I Hate You Mommy – It’s Not Easy Being a Mom

it’s inevitable. There will come a time when that picture perfect child of yours you know the one with the fat cheeks and angelic eyes looks at you with anger flaring from his or her nostrils and shouts, ‘I hate you Mommy!’” If you’re lucky, you won’t have to hear it for a very long time and by then: the angelic appearance will have long worn off. However, most parents hear this shrill, heartbreaking slap in the face during the toddler or elementary years. Depending on your child and your reaction to it, you may hear it more than once as well. In handling the situation, it is ultimately important to set aside your own disheartened and heavy feelings for a few minutes. Not necessarily, to ‘never let them see you cry,’” but so you can be clear that it IS NOT a statement that will be tolerated in your home.

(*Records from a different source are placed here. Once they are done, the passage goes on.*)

(* Consider the online asynchronous testing setting with conflict sets described in the context, with test levels $\alpha_j\ge0$ that are $\mathcal{F}^{-\mathcal{X}^j}$-measurable for every $j$. Suppose that for every $t\in\mathcal{H}^0$ and every $u\in[0,1]$, $\mathbb{P}(P_t\le u\mid\mathcal{F}^{-\mathcal{X}^{E_t}})\le u$. Then, for every $t\in\mathbb{N}$, if $\mathrm{FDP}^*(t)\le\alpha$ almost surely, where $$\mathrm{FDP}^*(t)=\frac{\sum_{j\le t,\ j\in\mathcal{H}^0}\alpha_j}{(\sum_{j:\,E_j\le t}R_j)\vee1},$$ then $\mathrm{mFDR}(t)\le\alpha$.
   Context: Hypotheses $H_1,H_2,\dots$ are tested; the test of $H_t$ starts at step $t$, is run at level $\alpha_t$ (and possibly with a candidacy threshold $\lambda_t\in[\alpha_t,1)$), and produces a $p$-value $P_t$. $\mathcal{H}^0$ is the fixed set of indices of true nulls. Test $t$ has a fixed decision time $E_t\ge t$. $R_t=\mathbf{1}\{P_t\le\alpha_t\}$, $C_t=\mathbf{1}\{P_t\le\lambda_t\}$. $\{L_t\}$ is a fixed sequence of nonnegative integer lags with $L_{t+1}\le L_t+1$; the conflict set is $\mathcal{X}^t=\{i\in[t-1]:E_i\ge t\}\cup(\{t-L_t,\dots,t-1\}\cap[t-1])$. $\mathcal{F}^{-\mathcal{X}^t}$ denotes either $\sigma(R_i:i\le t-1,\ i\notin\mathcal{X}^t)$ or $\sigma(R_i,C_i:i\le t-1,\ i\notin\mathcal{X}^t)$. $\mathcal{R}(t)=\{i\in[t]:E_i\le t,\ P_i\le\alpha_i\}$, $\mathcal{V}(t)=\mathcal{R}(t)\cap\mathcal{H}^0$, $\mathrm{mFDR}(t)=\mathbb{E}|\mathcal{V}(t)|/\mathbb{E}[|\mathcal{R}(t)|\vee1]$. *)

theory Defs
  imports "HOL-Probability.Probability"
begin
(* Let $n\ge2$, $d\ge1$, $r\ge3$ with $n\ge d$ and $dr\equiv0\pmod n$. Then $Q_n(d,r)$ is $G$-orbit proportional if and only if $n\equiv 0\pmod d$.
   Context: $\mathbb{Z}_2^n=\{0,1\}^n$ with coordinatewise addition mod 2; $e_i$ is the $i$-th standard basis vector, subscripts read modulo $n$; $\sigma^j(b)$ is the vector with $\sigma^j(b)_{i+j}=b_i$ (indices mod $n$). $G$ is the group on $\mathbb{Z}_2^n\times\mathbb{Z}_r$ with multiplication $(a,x)(b,y)=(a+\sigma^{dx}(b),x+y)$; $Q_n(d,r)$ is its Cayley graph with connection set $\{(0_n,1),(0_n,r-1),(e_1,0),\dots,(e_d,0)\}$, so $(a,x)$ is adjacent to $(a+e_{i+dx},x)$ for $1\le i\le d$ and to $(a,x\pm1)$. $G$ acts on the graph by left multiplication $u\mapsto gu$, and its orbits on edges are $E_0=\{\{(a,x),(a,x+1)\}\}$ and $E_i=\{\{(a,x),(a+e_{i+dx},x)\}\}$, $1\le i\le d$. A graph $X$ with edge partition into $H$-orbits $E_0,\dots,E_k$ is $H$-orbit proportional if for every pair of vertices $u,v$, every shortest $u$–$v$ path $P$ and every $u$–$v$ path $P'$ satisfy $|E(P)\cap E_i|\le|E(P')\cap E_i|$ for all $i$. *)

theory Defs
  imports Main
begin

(* Z_2^n is modelled as subsets of {0..<n} (a \<subseteq> {0..<n} is the support of a
   0/1 vector), addition is symmetric difference; the standard basis vector e_i
   (subscript read modulo n) is {i mod n}. *)

definition symdiff :: "nat set \<Rightarrow> nat set \<Rightarrow> nat set" where
  "symdiff a b = (a - b) \<union> (b - a)"

definition ebasis :: "nat \<Rightarrow> nat \<Rightarrow> nat set" where
  "ebasis n i = {i mod n}"

type_synonym vert = "nat set \<times> nat"

definition Qverts :: "nat \<Rightarrow> nat \<Rightarrow> vert set" where
  "Qverts n r = {(a, x). a \<subseteq> {0..<n} \<and> x < r}"
definition is_dga :: "('a, 'b) dga_scheme \<Rightarrow> bool" where
  "is_dga A \<longleftrightarrow>
    \<comment> \<open>nonnegatively graded\<close>
    (\<forall>k<0. dcar A k = {dzero A k}) \<and>
    \<comment> \<open>each A^k is a real vector space\<close>
    (\<forall>k. dzero A k \<in> dcar A k) \<and>
    (\<forall>k. \<forall>x\<in>dcar A k. \<forall>y\<in>dcar A k. dadd A k x y \<in> dcar A k) \<and>
    (\<forall>k c. \<forall>x\<in>dcar A k. dsmul A k c x \<in> dcar A k) \<and>
    (\<forall>k. \<forall>x\<in>dcar A k. \<forall>y\<in>dcar A k. \<forall>z\<in>dcar A k.
        dadd A k (dadd A k x y) z = dadd A k x (dadd A k y z)) \<and>
    (\<forall>k. \<forall>x\<in>dcar A k. \<forall>y\<in>dcar A k. dadd A k x y = dadd A k y x) \<and>
    (\<forall>k. \<forall>x\<in>dcar A k. dadd A k (dzero A k) x = x) \<and>
    (\<forall>k. \<forall>x\<in>dcar A k. \<exists>y\<in>dcar A k. dadd A k x y = dzero A k) \<and>
    (\<forall>k. \<forall>x\<in>dcar A k. dsmul A k 1 x = x) \<and>
    (\<forall>k c e. \<forall>x\<in>dcar A k. dsmul A k c (dsmul A k e x) = dsmul A k (c * e) x) \<and>
    (\<forall>k c e. \<forall>x\<in>dcar A k. dsmul A k (c + e) x = dadd A k (dsmul A k c x) (dsmul A k e x)) \<and>
    (\<forall>k c. \<forall>x\<in>dcar A k. \<forall>y\<in>dcar A k.
        dsmul A k c (dadd A k x y) = dadd A k (dsmul A k c x) (dsmul A k c y)) \<and>
    \<comment> \<open>bilinear, associative, unital, graded-commutative multiplication\<close>
    (\<forall>k l. \<forall>x\<in>dcar A k. \<forall>y\<in>dcar A l. dmul A k l x y \<in> dcar A (k + l)) \<and>
    (\<forall>k l. \<forall>x\<in>dcar A k. \<forall>x'\<in>dcar A k. \<forall>y\<in>dcar A l.
        dmul A k l (dadd A k x x') y = dadd A (k + l) (dmul A k l x y) (dmul A k l x' y)) \<and>
    (\<forall>k l. \<forall>x\<in>dcar A k. \<forall>y\<in>dcar A l. \<forall>y'\<in>dcar A l.
        dmul A k l x (dadd A l y y') = dadd A (k + l) (dmul A k l x y) (dmul A k l x y')) \<and>
    (\<forall>k l c. \<forall>x\<in>dcar A k. \<forall>y\<in>dcar A l.
        dmul A k l (dsmul A k c x) y = dsmul A (k + l) c (dmul A k l x y)) \<and>
    (\<forall>k l c. \<forall>x\<in>dcar A k. \<forall>y\<in>dcar A l.
        dmul A k l x (dsmul A l c y) = dsmul A (k + l) c (dmul A k l x y)) \<and>
    (\<forall>k l m. \<forall>x\<in>dcar A k. \<forall>y\<in>dcar A l. \<forall>z\<in>dcar A m.
        dmul A (k + l) m (dmul A k l x y) z = dmul A k (l + m) x (dmul A l m y z)) \<and>
    dunit A \<in> dcar A 0 \<and>
    (\<forall>k. \<forall>x\<in>dcar A k. dmul A 0 k (dunit A) x = x \<and> dmul A k 0 x (dunit A) = x) \<and>
    (\<forall>k l. \<forall>x\<in>dcar A k. \<forall>y\<in>dcar A l.
        dmul A k l x y = dsmul A (k + l) (sgn_deg (k * l)) (dmul A l k y x)) \<and>
    \<comment> \<open>differential: linear, of degree +1, square zero, graded Leibniz rule\<close>
    (\<forall>k. \<forall>x\<in>dcar A k. ddiff A k x \<in> dcar A (k + 1)) \<and>
    (\<forall>k. \<forall>x\<in>dcar A k. \<forall>y\<in>dcar A k.
        ddiff A k (dadd A k x y) = dadd A (k + 1) (ddiff A k x) (ddiff A k y)) \<and>
    (\<forall>k c. \<forall>x\<in>dcar A k. ddiff A k (dsmul A k c x) = dsmul A (k + 1) c (ddiff A k x)) \<and>
    (\<forall>k. \<forall>x\<in>dcar A k. ddiff A (k + 1) (ddiff A k x) = dzero A (k + 2)) \<and>
    (\<forall>k l. \<forall>x\<in>dcar A k. \<forall>y\<in>dcar A l.
        ddiff A (k + l) (dmul A k l x y) =
          dadd A (k + l + 1) (dmul A (k + 1) l (ddiff A k x) y)
                             (dsmul A (k + l + 1) (sgn_deg k) (dmul A k (l + 1) x (ddiff A l y))))"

Let’s discuss the best approach for hearing it from your young child. It could be because you refused to buy them a candy bar during grocery checkout. (Damn those marketers for putting them there) Or it could be because they, in that very moment, believe that you are the opposite of fair and just. It also could be (and most likely so) because they are frustrated, angry, over stimulated or just plain exhausted. Firstly, realize that children do not understand the expanse of the word hate. They also don’t understand the expanse of the word love. What they do understand is how they feel. In the moment that they hate you it is because they are feeling something strong, that they don’t understand that they feel YOU are responsible for. So rather than running off like a sappy teen dumped by her boyfriend for the umpteenth time stand tall. Use your best parenting voice to explain to them what is going on. You should start by being compassionate (very hard when your heart has just been ripped out). Something like this, ‘I know you are angry that you can’t have the candy bar, but saying that you hate me is hurtful and unacceptable language for family to use.’” Essentially, this acts like a mediation by proving that you are understanding, but also proving that you will not wilt like a flower.

Additionally, when a child says they hate you it is important to take the time to discuss hate. You obviously don’t have to do it in the heat of the moment. But talking about it when tempers flare and teaching your child the power of words is an important life lesson. They can’t take it back, and they didn’t really mean it but they do and should apologize! You don’t have to make them feel miniscule, but you should help them to understand the impact of their actions and words on people they care about. If you don’t, you will end up with a child that is righteous, angry, and disrespectful. In you’re talking about hate and feelings give them tools. Saying you can’t do this, you shouldn’t do that or just plain no are fine sometimes. Yet not giving them other tools or solutions that work for them doesn’t help them to solve any problems with their emotions. Ask them what they were feeling. Then explain that it is okay to be angry, to state their feelings, but that it was wrong to ‘‘hate you!’’ If they don’t seem too concerned about your feelings, don’t worry too much. Compassion for others develops over time.

As your child gets older, you expect them to understand the ramifications of their words. Many parents preach the ‘sticks and stones’” hubbub. WRONG! Why? Because words do hurt and often they hurt more than anything else in life does. Trying to pretend that they don’t sends your child the wrong message altogether. Instead, breed a child that is respectful of people’s feelings and uses their own emotions as a barometer of how to treat others.

The older child will no doubt use the ‘h’” word because they know it gets to you. Your teen, grounded for eternity and not allowed to attend the party of the year will definitely feel like they hate you. And they might even say it more than once. (Reminder: they don’t!) However, you need to establish the rules and stick to them. It is best to not stand in question of your judgment or decisions for your child just because they are manipulating your emotions. Children learn pretty young in life that while mom and dad seem to be in charge they are ALWAYS questioning their choices and conduct as parents. This can be easily be manipulated by throwing in the hate you’s, your not fair, your so mean, you don’t understand and other common statements. Guess what? If it works, they will continue to do so. If it doesn’t work they will eventually learn that their ill willed efforts to break your heart are not worth the guilt and suffering that it causes them. And yes, they do feel badly about hating you.

Teenagers need parents rather than friends. Just like they hate some of their teachers, especially the ones that are stricter and assign more homework, they also hate parents who enforce rules and act parental. Rather than being heartbroken by the words see them as a completely positive reinforcement that you are parenting well. You know, you could even respond, ‘thank you!’’ This pretty much ensures that they won’t say it again, because the last thing they want is for you to feel right or proud. Arguing with a teen is also like arguing with a drunk. There is no need to bring the right or wrong of the situation and the hurtful implications of ‘‘hate’’ into an argument about whose turn it is to take out the trash. Yet you should share the lesson when tempers die out. We are each responsible for our words at any age. Once they are unleashed, they cannot be retracted and the far-reaching singe can be felt in every inch of your body. This is especially true when angry, hurtful words spark from your child. Luckily, for them and for you there is also forgiveness; which is another important lesson you can teach your child when they say one of the many things they momentarily feel but definitely don’t mean.